- **YOUR INSTRUCTIONS**
Whenever a line in the records below holds the string "forall", include it in the count, and state the number alone.

[Data excerpts]
section \<open>Convergence rates\<close>

lemma almost_supermartingale_rate:
  fixes F :: "nat \<Rightarrow> 'a measure" and V :: "nat \<Rightarrow> 'a \<Rightarrow> real"
    and \<gamma> L :: "nat \<Rightarrow> real" and a b C s :: real and K :: nat
  assumes "prob_space M"
    and sub: "\<And>k. subalgebra M (F k)"
    and mono: "\<And>k. sets (F k) \<subseteq> sets (F (Suc k))"
    and adapted: "\<And>k. V k \<in> borel_measurable (F k)"
    and integ: "\<And>k. integrable M (V k)"
    and nonneg: "\<And>k x. x \<in> space M \<Longrightarrow> 0 \<le> V k x"
    and rec: "AE x in M. \<forall>k\<ge>1. real_cond_exp M (F (k - 1)) (V k) x
               \<le> (1 - a / real k + \<gamma> k) * V (k - 1) x + C / real k powr b"
    and s: "0 < s" "s \<le> a" and C: "0 \<le> C"
    and \<gamma>_nonneg: "\<And>k. 0 \<le> \<gamma> k" and \<gamma>_summable: "summable \<gamma>"
    and K: "1 \<le> K" and L_pos: "\<And>k. K \<le> k \<Longrightarrow> 0 < L k"
    and L_mono: "\<And>k. K \<le> k \<Longrightarrow> L k \<le> L (Suc k)"
    and summable: "summable (\<lambda>k. real k powr s / L k / real k powr b)"
  shows "AE x in M. (\<lambda>k. V k x) \<in> O(\<lambda>k. L k / real k powr s)"
proof -
  have rec_Suc: "AE x in M. \<forall>k. real_cond_exp M (F k) (V (Suc k)) x
      \<le> (1 - a / real (Suc k) + \<gamma> (Suc k)) * V k x + C / real (Suc k) powr b"
    using rec by eventually_elim (auto dest: spec[where x = "Suc k" for k])
  have "AE x in M. \<exists>B. \<forall>k\<ge>K. real k powr s / L k * V k x \<le> B"
  proof (rule almost_supermartingale_weighted_bound[OF assms(1) sub mono adapted integ nonneg rec_Suc])
    show "summable (\<lambda>k. 2 * s / real k ^ 2 + 2 powr s * \<gamma> k)"
      using inverse_power_summable[of 2, where 'a = real]
      by (intro summable_add summable_mult \<gamma>_summable) (simp add: divide_inverse summable_mult)
    show "real (Suc k) powr s / L (Suc k) * (1 - a / real (Suc k) + \<gamma> (Suc k))
        \<le> real k powr s / L k * exp (2 * s / real (Suc k) ^ 2 + 2 powr s * \<gamma> (Suc k))"
      if "K \<le> k" for k
      using that K L_pos L_mono \<gamma>_nonneg s by (intro power_weight_contraction) auto
    show "summable (\<lambda>k. real k powr s / L k * (C / real k powr b))"
      using summable_mult[OF summable, of C] by (simp add: ac_simps)
  qed (use s C K L_pos \<gamma>_nonneg in auto)
  then show ?thesis
    using AE_space
  proof eventually_elim
    case (elim x)
    then obtain B where "\<And>k. K \<le> k \<Longrightarrow> real k powr s / L k * V k x \<le> B" by blast
    with K L_pos nonneg[OF \<open>x \<in> space M\<close>]
    have "(\<lambda>k. V k x) \<in> O(\<lambda>k. 1 / (real k powr s / L k))"
      by (intro bigo_inverse_of_weighted_bound[where K = K]) auto
    then show ?case by simp
  qed
qed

- **ANSWER TO THIS PROBLEM**
3